Au grand galop, Teng revint auprès de Liu-Pou et lui murmura à l’oreille : « Seigneur, ceux à qui vous avez confié la garde de cet important défilé, ont l’intention de le livrer à Tsao ; j’ai cru devoir dire à Tchin-Tong d’aller plutôt au chef-lieu ; vous, seigneur, attaquez cette nuit les troupes impériales avec vigueur ! — Sans vous, répliqua Liu-Pou, sans vous, je donnais dans le piège de ces traîtres ! » Et il le dépêcha vers Tchin-Kong, pour dire à celui-ci qu’il eût à allumer un feu, signal convenu auquel Liu-Pou répondrait lui-même en soutenant sa sortie.

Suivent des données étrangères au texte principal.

lemma deriv_multi_imp_below:
  assumes r: "0 \<le> r" "r \<le> 1" "r < 1 - avg cs + d"
  shows "deriv tn T (GI (mset as) b r)"
proof -
  define l where "l = r / (1 - avg cs + d)"
  have l: "0 \<le> l" "l < 1" and lS: "l * (1 - avg cs + d) = r"
    using r by (simp_all add: l_def)
  define cs' where "cs' = map (\<lambda>c. l * (1 - c)) cs"
  have cs'_unit: "\<forall>c\<in>set cs'. unit_iv c"
    using cs_unit l by (auto simp: cs'_def mult_le_one)
  have "avg cs' = l * (1 - avg cs)"
    unfolding cs'_def using as_nonempty length_cs by (intro avg_const_mult_complement) auto
  then have "avg cs' + l * d = r"
    using lS by (simp add: algebra_simps)
  then have grade: "luk_s (avg cs') (l * d) = r"
    using r l by (simp add: luk_s_def)
  let ?prems = "map (\<lambda>i. gimp (as ! i) (cs' ! i) Bot) [0..<length as] @ [gimp Top (l * d) b]"
  have "\<forall>P\<in>set ?prems. deriv tn T P"
    using tau_as tau_b cs_nth_unit d_unit l length_cs
    by (auto simp: cs'_def intro!: deriv_imp_bot_scaled deriv_top_imp_scaled)
  then have "deriv tn T (conjs ?prems)"
    using tnorm wf_T by (simp add: deriv_conjs)
  moreover have "deriv tn T (Imp (conjs ?prems) (GI (mset as) b (luk_s (avg cs') (l * d))))"
    using as_nonempty length_cs cs'_unit d_unit l
    by (intro deriv.axiom ax.transM3) (auto simp: cs'_def mult_le_one)
  ultimately show ?thesis using grade deriv.mp by metis
qed

lemma deriv_not_multi_imp_above:
  assumes r: "r \<le> 1" "1 - avg cs + d < r"
  shows "deriv tn T (FNot (GI (mset as) b r))"
proof -
  have "avg cs \<le> 1" using cs_unit by (simp add: avg_le_one)
  then have "0 \<le> r" using r d_unit by simp
  obtain m where m: "0 \<le> m" "m < 1" and m_large: "2 - r < m * (1 + avg cs - d)"
    using exists_scale_below_one[of "2 - r" "1 + avg cs - d"] r by auto
  define tops where "tops = replicate (length as) Top"
  define ts where "ts = map (\<lambda>c. m * c) cs"
  define x where "x = luk_t (avg ts) r"
  define g where "g = m * (1 - d)"
  define e where "e = luk_t x g"
  have avg_ts: "avg ts = m * avg cs"
    by (simp add: ts_def avg_const_mult)
  have "unit_iv (avg ts)" and g: "unit_iv g"
    using m \<open>avg cs \<le> 1\<close> avg_nonneg[of cs] cs_unit d_unit
    by (auto simp: avg_ts g_def mult_le_one)
  then have x: "unit_iv x"
    using \<open>0 \<le> r\<close> r(1) by (auto simp: x_def luk_t_def)
  have "0 < x + g - 1"
    using m_large unfolding x_def g_def avg_ts by (simp add: luk_t_def algebra_simps)
  then have e: "0 < e" "e \<le> 1"
    using x g by (auto simp: e_def luk_t_def)
  have tops: "tops \<noteq> []" "length tops \<ge> 1" "mset tops = replicate_mset (length as) Top"
    using as_nonempty by (simp_all add: tops_def Suc_le_eq)
  let ?H = "GI (mset as) b r"
  let ?Ds = "map (\<lambda>i. gimp (tops ! i) (ts ! i) (as ! i)) [0..<length tops]"
  have "\<forall>P\<in>set ?Ds. deriv tn T P"
    using tau_as cs_nth_unit m length_cs
    by (auto simp: tops_def ts_def intro!: deriv_top_imp_scaled)
  moreover have "deriv tn T (gimp b g Bot)"
    unfolding g_def using tau_b d_unit m by (intro deriv_imp_bot_scaled) auto
  moreover have "deriv tn T (Imp (conjs (?Ds @ [?H])) (GI (mset tops) b x))"
    unfolding x_def using tops length_cs cs_unit \<open>0 \<le> r\<close> r(1) m
    by (intro deriv.axiom ax.transM1) (auto simp: tops_def ts_def mult_le_one)
  moreover have "deriv tn T (Imp (FAnd (GI (mset tops) b x) (gimp b g Bot)) (GI (mset tops) Bot e))"
    unfolding e_def using tops x g by (intro deriv.axiom ax.transM2) auto
  moreover have "deriv tn T (Imp (GI (mset tops) Bot e) (gimp Top e Bot))"
    unfolding tops(3) using as_nonempty e by (intro deriv.axiom ax.topM) (simp_all add: Suc_le_eq)
  ultimately have "deriv tn T (Imp ?H (gimp Top e Bot))"
    using as_nonempty \<open>0 \<le> r\<close> r(1) e
    by (intro deriv_consequence[OF tnorm wf_T, of "?Ds @ [gimp b g Bot,
          Imp (conjs (?Ds @ [?H])) (GI (mset tops) b x),
          Imp (FAnd (GI (mset tops) b x) (gimp b g Bot)) (GI (mset tops) Bot e),
          Imp (GI (mset tops) Bot e) (gimp Top e Bot)]"])
      (auto simp: feval_conjs)
  then show ?thesis
    using e as_nonempty \<open>0 \<le> r\<close> r(1) by (intro deriv_refute_inconsistent[OF tnorm wf_T]) auto
qed
lemma psd2_trace_det:
  fixes A :: "complex^2^2"
  assumes "psd A"
  obtains t d where "trace A = of_real t" "det A = of_real d" "0 \<le> t" "0 \<le> d" "4 * d \<le> t\<^sup>2"
proof -
  obtain p q z where A: "A = herm_mat p q z"
    using hermitian2_cases[OF psd_hermitian[OF assms(1)]] by blast
  with assms have "0 \<le> p" "0 \<le> q" "(cmod z)\<^sup>2 \<le> p * q"
    by (simp_all add: psd_herm_mat_iff)
  moreover have "4 * (p * q - (cmod z)\<^sup>2) \<le> (p + q)\<^sup>2"
  proof -
    have "(p + q)\<^sup>2 - 4 * (p * q - (cmod z)\<^sup>2) = (p - q)\<^sup>2 + 4 * (cmod z)\<^sup>2"
      by (simp add: power2_eq_square algebra_simps)
    then show ?thesis using zero_le_power2[of "p - q"] zero_le_power2[of "cmod z"] by linarith
  qed
  ultimately show thesis
    by (intro that[of "p + q" "p * q - (cmod z)\<^sup>2"]) (simp_all add: A trace_herm_mat det_herm_mat)
qed

lemma psd2_trace_eq_0:
  fixes A :: "complex^2^2"
  assumes "psd A" and "trace A = 0"
  shows "A = 0"
proof -
  obtain p q z where A: "A = herm_mat p q z"
    using hermitian2_cases[OF psd_hermitian[OF assms(1)]] by blast
  with assms have "0 \<le> p" "0 \<le> q" "(cmod z)\<^sup>2 \<le> p * q"
    by (simp_all add: psd_herm_mat_iff)
  moreover have "p + q = 0"
    using assms(2) unfolding A trace_herm_mat of_real_eq_0_iff .
  ultimately have "p = 0" "q = 0" by linarith+
  moreover from this \<open>(cmod z)\<^sup>2 \<le> p * q\<close> have "z = 0" by simp
  ultimately show ?thesis by (simp add: A herm_mat_0)
qed

section \<open>Square roots and fidelities of qubit states\<close>

text \<open>The root is \<open>(A + s I) / t\<close> with \<open>s = \<surd>(det A)\<close> and \<open>t = \<surd>(tr A + 2s)\<close>, read off from
  Cayley-Hamilton for the root.\<close>
lemma herm_mat_sqrt:
  assumes "0 \<le> p" "0 \<le> q" "(cmod z)\<^sup>2 \<le> p * q"
    and s_def: "s = sqrt (p * q - (cmod z)\<^sup>2)" and t_def: "t = sqrt (p + q + 2 * s)"
    and "t \<noteq> 0"
  defines "B \<equiv> herm_mat ((p + s) / t) ((q + s) / t) (z / of_real t)"
  shows "psd B" and "B ** B = herm_mat p q z"
proof -
  have "0 \<le> s" and s_square: "s\<^sup>2 = p * q - (cmod z)\<^sup>2"
    using assms(3) by (simp_all add: s_def)
  then have t_square: "t\<^sup>2 = p + q + 2 * s" and "0 < t"
    using assms(1,2,6) by (simp_all add: t_def)
  have "(p + s) * (q + s) = p * q + s * (p + q + s)"
    by (simp add: algebra_simps)
  moreover have "0 \<le> s * (p + q + s)"
    using assms(1,2) \<open>0 \<le> s\<close> by (intro mult_nonneg_nonneg) simp_all
  ultimately have "(cmod z)\<^sup>2 \<le> (p + s) * (q + s)"
    using assms(3) by linarith
  then show "psd B"
    using assms(1,2) \<open>0 \<le> s\<close> \<open>0 < t\<close>
    by (simp add: B_def psd_herm_mat_iff norm_divide power_divide power2_eq_square divide_right_mono)
  have "(p + s) / t + (q + s) / t = (p + q + 2 * s) / t"
    by (simp add: add_divide_distrib[symmetric])
  also have "\<dots> = t"
    unfolding t_square[symmetric] using \<open>0 < t\<close> by (simp add: power2_eq_square)
  finally have trace_B: "(p + s) / t + (q + s) / t = t" .
  have "(p + s)\<^sup>2 + (cmod z)\<^sup>2 = p * t\<^sup>2" and "(q + s)\<^sup>2 + (cmod z)\<^sup>2 = q * t\<^sup>2"
    unfolding t_square using s_square by (simp_all add: power2_eq_square algebra_simps)
  then have diag_B: "((p + s) / t)\<^sup>2 + (cmod (z / of_real t))\<^sup>2 = p"
      "((q + s) / t)\<^sup>2 + (cmod (z / of_real t))\<^sup>2 = q"
    using \<open>0 < t\<close> by (simp_all add: norm_divide power_divide field_simps)
  show "B ** B = herm_mat p q z"
    unfolding B_def herm_mat_mult_self trace_B diag_B using \<open>0 < t\<close> by simp
qed
text \<open>Input x = (g, r, c): group, recommended decision (0/1 as bool), intervention cost.
  Output y in {0,1} rendered as bool.\<close>
type_synonym input = "grp \<times> bool \<times> real"
type_synonym trace = "(input \<times> bool) list"
type_synonym shield = "trace \<Rightarrow> input \<Rightarrow> bool"

definition FT :: "input pmf \<Rightarrow> shield \<Rightarrow> nat \<Rightarrow> trace set" where
  "FT \<theta> \<pi> t = {\<tau>. length \<tau> = t \<and>
      (\<forall>i<t. pmf \<theta> (fst (\<tau>!i)) > 0 \<and> snd (\<tau>!i) = \<pi> (take i \<tau>) (fst (\<tau>!i)))}"

definition cost :: "trace \<Rightarrow> real" where
  "cost \<tau> = (\<Sum>i<length \<tau>. (let ((g,r,c),y) = \<tau>!i in if r \<noteq> y then c else 0))"

text \<open>Expected cost; the indicator restricts the sum to feasible traces (a finite set
  when the support of theta is finite).\<close>
definition expected_cost :: "input pmf \<Rightarrow> shield \<Rightarrow> nat \<Rightarrow> real" where
  "expected_cost \<theta> \<pi> T =
     (\<Sum>\<tau>\<in>FT \<theta> \<pi> T. cost \<tau> * (\<Prod>i<length \<tau>. pmf \<theta> (fst (\<tau>!i))))"

definition additive :: "(trace \<Rightarrow> nat) \<Rightarrow> bool" where
  "additive \<mu> \<longleftrightarrow> (\<forall>\<tau> \<tau>'. \<mu> (\<tau> @ \<tau>') = \<mu> \<tau> + \<mu> \<tau>')"

definition welfare :: "(grp \<Rightarrow> trace \<Rightarrow> nat) \<Rightarrow> (grp \<Rightarrow> trace \<Rightarrow> nat) \<Rightarrow> grp \<Rightarrow> trace \<Rightarrow> real" where
  "welfare num den g \<tau> = real (num g \<tau>) / real (den g \<tau>)"

text \<open>Difference-of-ratios property; 0 if some welfare is undefined (denominator 0).\<close>
definition dor_psi :: "(grp \<Rightarrow> trace \<Rightarrow> nat) \<Rightarrow> (grp \<Rightarrow> trace \<Rightarrow> nat) \<Rightarrow> trace \<Rightarrow> real" where
  "dor_psi num den \<tau> =
     (if den GA \<tau> = 0 \<or> den GB \<tau> = 0 then 0
      else \<bar>welfare num den GA \<tau> - welfare num den GB \<tau>\<bar>)"

definition fair_shields :: "input pmf \<Rightarrow> (trace \<Rightarrow> real) \<Rightarrow> real \<Rightarrow> nat \<Rightarrow> shield set" where
  "fair_shields \<theta> \<psi> \<kappa> T = {\<pi>. \<forall>\<tau>\<in>FT \<theta> \<pi> T. \<psi> \<tau> \<le> \<kappa>}"

definition finhzn_shield :: "input pmf \<Rightarrow> (trace \<Rightarrow> real) \<Rightarrow> real \<Rightarrow> nat \<Rightarrow> shield \<Rightarrow> bool" where
  "finhzn_shield \<theta> \<psi> \<kappa> T \<pi>s \<longleftrightarrow>
     \<pi>s \<in> fair_shields \<theta> \<psi> \<kappa> T \<and>
     (\<forall>\<pi>\<in>fair_shields \<theta> \<psi> \<kappa> T. expected_cost \<theta> \<pi>s T \<le> expected_cost \<theta> \<pi> T)"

Arrivé près du passage, Teng au contraire donna ce faux avis : « Les soldats de Tsao ont pris un chemin détourné ; déjà ils sont dans le défilé ; j’ai peur que le chef-lieu ne tombe au pouvoir de

  1. Il y a dans le texte : Le prince de Ouan, titre honorifique de Liu-Pou. Tchin-Teng, qui était un traître, le désigne ici par son plus beau nom, afin de mieux simuler le zèle et l’obéissance. Ce sont là des nuances que l’auteur chinois fait toujours sentir ; l’embarras que causent les noms propres dans une traduction ne permet pas de les exprimer, si ce n’est en note.
  2. Quand Artabaze assiégeait la ville de Potidée, Timoxène, stratège des Scionéens convint de lui livrer la place.... Toutes les fois que Timoxène et Artabaze voulaient correspondre l’un avec l’autre, ils attachaient la lettre à une flèche et l’entortillaient autour de son entaille, de façon qu’elle lui servit d’ailes ; on tirait ensuite cette flèche dans un endroit convenu. Hérodote, Uranie,§ CXXVIII.